High school students are asked to switch between being individuals and a collective of meaning-makers every day. I know this is true in English class, but I think it’s probably true in all high school classes, and most friendships, to boot. How does one stay loyal to the self and to the group–and (in the case of English class) to the poem or the work being studied? How to balance desire and patience? How to practice risk and care? Hold multiple truths, we tell them. But can we?
Back to the words: We say certain ones over and over because we like how they sound– words like oily and abalone. A student says it’s crazy when you say any word over and over it turns into some weird other thing, like a chant or nonsense. We try it with everyday words like that and soon and mustard.

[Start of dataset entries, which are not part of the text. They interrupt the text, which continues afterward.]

lemma zact_expansion_exists:
  assumes "ring_automorphism s" and "unit_lead_deg f r" and "r > 0" and "twisted_poly h"
  shows "\<exists>ps. (\<forall>i\<ge>r. ps i = 0) \<and> h = (\<lambda>n. \<Sum>i<r. zact s f (ps i) (tmon i) n)"
proof -
  obtain N where N: "\<forall>n. h n \<noteq> 0 \<longrightarrow> n \<le> N"
    using assms(4) unfolding twisted_poly_def finite_nat_set_iff_bounded_le by auto
  define K where "K = Suc N"
  have "K \<le> r * K" using \<open>r > 0\<close> by simp
  then have "\<forall>n\<ge>r * K. h n = 0" using N unfolding K_def by fastforce
  then obtain c where c: "\<forall>n. h n = (\<Sum>m<r * K. c m * twisted_basis s f r m n)"
    using triangular_combination_exists unit_lead_deg_twisted_basis[OF assms(1,2)] by blast
  define ps where "ps i = (if i < r then \<Sum>k<K. monom (c (i + r * k)) k else 0)" for i
  have coeff_ps: "coeff (ps i) k = (if k < K then c (i + r * k) else 0)" if "i < r" for i k
    unfolding ps_def using that by (simp add: coeff_sum coeff_monom)
  have "degree (ps i) < K" if "i < r" for i
    using degree_le[of N "ps i"] coeff_ps[OF that] unfolding K_def by simp
  then have "(\<Sum>i<r. zact s f (ps i) (tmon i) n) =
      (\<Sum>m<r * K. coeff (ps (m mod r)) (m div r) * twisted_basis s f r m n)" for n
    using zact_sum_eq_twisted_basis_sum[OF \<open>r > 0\<close>] by blast
  also have "\<dots> n = (\<Sum>m<r * K. c m * twisted_basis s f r m n)" for n
    using \<open>r > 0\<close> by (intro sum.cong) (auto simp: coeff_ps div_less_iff_less_mult mult.commute[of K r])
  finally have "h = (\<lambda>n. \<Sum>i<r. zact s f (ps i) (tmon i) n)" using c by auto
  moreover have "\<forall>i\<ge>r. ps i = 0" unfolding ps_def by simp
  ultimately show ?thesis by blast
qed

lemma zact_expansion_unique:
  assumes "ring_automorphism s" and "unit_lead_deg f r" and "r > 0"
    and "\<forall>i\<ge>r. ps i = 0" and "\<forall>i\<ge>r. qs i = 0"
    and eq: "(\<lambda>n. \<Sum>i<r. zact s f (ps i) (tmon i) n) = (\<lambda>n. \<Sum>i<r. zact s f (qs i) (tmon i) n)"
  shows "ps = qs"
proof -
  define K where "K = Suc (\<Sum>i<r. degree (ps i) + degree (qs i))"
  have "degree (ps i) + degree (qs i) < K" if "i < r" for i
    unfolding K_def less_Suc_eq_le using that by (intro member_le_sum) auto
  then have deg_ps: "\<forall>i<r. degree (ps i) < K" and deg_qs: "\<forall>i<r. degree (qs i) < K"
    by fastforce+
  define d where "d m = coeff (ps (m mod r)) (m div r) - coeff (qs (m mod r)) (m div r)" for m
  have "\<forall>n. (\<Sum>m<r * K. d m * twisted_basis s f r m n) = 0"
    using fun_cong[OF eq] zact_sum_eq_twisted_basis_sum[OF \<open>r > 0\<close> deg_ps]
      zact_sum_eq_twisted_basis_sum[OF \<open>r > 0\<close> deg_qs]
    by (simp add: d_def left_diff_distrib sum_subtractf)
  then have "\<forall>m<r * K. d m = 0"
    using triangular_combination_eq_0 unit_lead_deg_twisted_basis[OF assms(1,2)] by blast
  then show ?thesis
    using poly_family_eqI_digits[OF assms(4,5) deg_ps deg_qs] by (simp add: d_def)
qed

lemma zact_expansion_ex1:
  assumes "ring_automorphism s" and "unit_lead_deg f r" and "r > 0" and "twisted_poly h"
  shows "\<exists>!ps. (\<forall>i\<ge>r. ps i = 0) \<and> h = (\<lambda>n. \<Sum>i<r. zact s f (ps i) (tmon i) n)"
proof (rule ex_ex1I)
  show "\<exists>ps. (\<forall>i\<ge>r. ps i = 0) \<and> h = (\<lambda>n. \<Sum>i<r. zact s f (ps i) (tmon i) n)"
    using zact_expansion_exists[OF assms] .
next
  fix ps qs
  assume "(\<forall>i\<ge>r. ps i = 0) \<and> h = (\<lambda>n. \<Sum>i<r. zact s f (ps i) (tmon i) n)"
    and "(\<forall>i\<ge>r. qs i = 0) \<and> h = (\<lambda>n. \<Sum>i<r. zact s f (qs i) (tmon i) n)"
  then show "ps = qs" by (intro zact_expansion_unique[OF assms(1-3)]) auto
qed

theorem lemma4p2:
  fixes tau :: "'a::comm_ring_1 \<Rightarrow> 'a" and theta :: 'a and A :: "nat \<Rightarrow> 'a" and r :: nat
  assumes "ring_automorphism tau" and "r \<ge> 1" and "A r dvd 1"
  shows "\<forall>h. twisted_poly h \<longrightarrow>
           (\<exists>!ps :: nat \<Rightarrow> 'a poly. (\<forall>i\<ge>r. ps i = 0) \<and>
              h = (\<lambda>n. \<Sum>i<r. zact (inv tau) (dual_phi (inv tau) theta A r) (ps i) (tmon i) n))"
proof -
  have sigma: "ring_automorphism (inv tau)" using assms(1) by (rule ring_automorphism_inv)
  have phi: "unit_lead_deg (dual_phi (inv tau) theta A r) r"
    using assms(2) ring_automorphism_unit[OF ring_automorphism_funpow[OF sigma] assms(3)]
    unfolding unit_lead_deg_def dual_phi_def by simp
  have "r > 0" using assms(2) by simp
  then show ?thesis using zact_expansion_ex1[OF sigma phi] by blast
qed

end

One student says We’re so into individuality in this culture. I feel like I have to prove 24/7 that I’m not a follower.
Another says Dead fish in a supermarket. Thought-provoking. Who knew?
And another: What if you can lead and follow at the same time? Isn’t that what a school of fish does anyway?
And what could I possibly add to that? Here’s the poem again:
A Display of Mackerel by Mark Doty
They lie in parallel rows,
on ice, head to tail,
each a foot of luminosity
barred with black bands,
which divide the scales’
radiant sections
like seams of lead
in a Tiffany window.
Iridescent, watery
prismatics: think abalone,
the wildly rainbowed
mirror of a soapbubble sphere,
think sun on gasoline.
Splendor, and splendor,
and not a one in any way
distinguished from the other
—nothing about them
of individuality. Instead
they’re all exact expressions
of the one soul,
each a perfect fulfilment
of heaven’s template,
mackerel essence. As if,
after a lifetime arriving
at this enameling, the jeweler’s
made uncountable examples,
each as intricate
in its oily fabulation
as the one before
Suppose we could iridesce,
like these, and lose ourselves
entirely in the universe
of shimmer—would you want
to be yourself only,
unduplicatable, doomed
to be lost? They’d prefer,
plainly, to be flashing participants,
multitudinous. Even now
they seem to be bolting
forward, heedless of stasis.
They don’t care they’re dead
and nearly frozen,
just as, presumably,
they didn’t care that they were living:
all, all for all,
the rainbowed school
and its acres of brilliant classrooms,
in which no verb is singular,
or every one is. How happy they seem,
even on ice, to be together, selfless,
which is the price of gleaming.
© Mark Doty, Atlantis: Poems (HarperPerennial, 1995)
Here is Doty reading it (and talking a bit about it before reading it).
And here’s an essay he wrote about writing it.
Though I have loved every entry, this one feels most like a poem to me. You distill so many different stories into economical lines that give us the moment we need for context and yet opens up so many more angles and stories we want to hear more about. The opening neighbor metaphor, the overheard comment and how it opens you up to a world of critique and judgement from adults, and then there's the boy! I want to use this one in constructions next year when we talk about the push/pull between self and group. You have made the sws cannon! SOOOOO good!
Artful, heartful work: past as presence. Brava, Ms. Harris!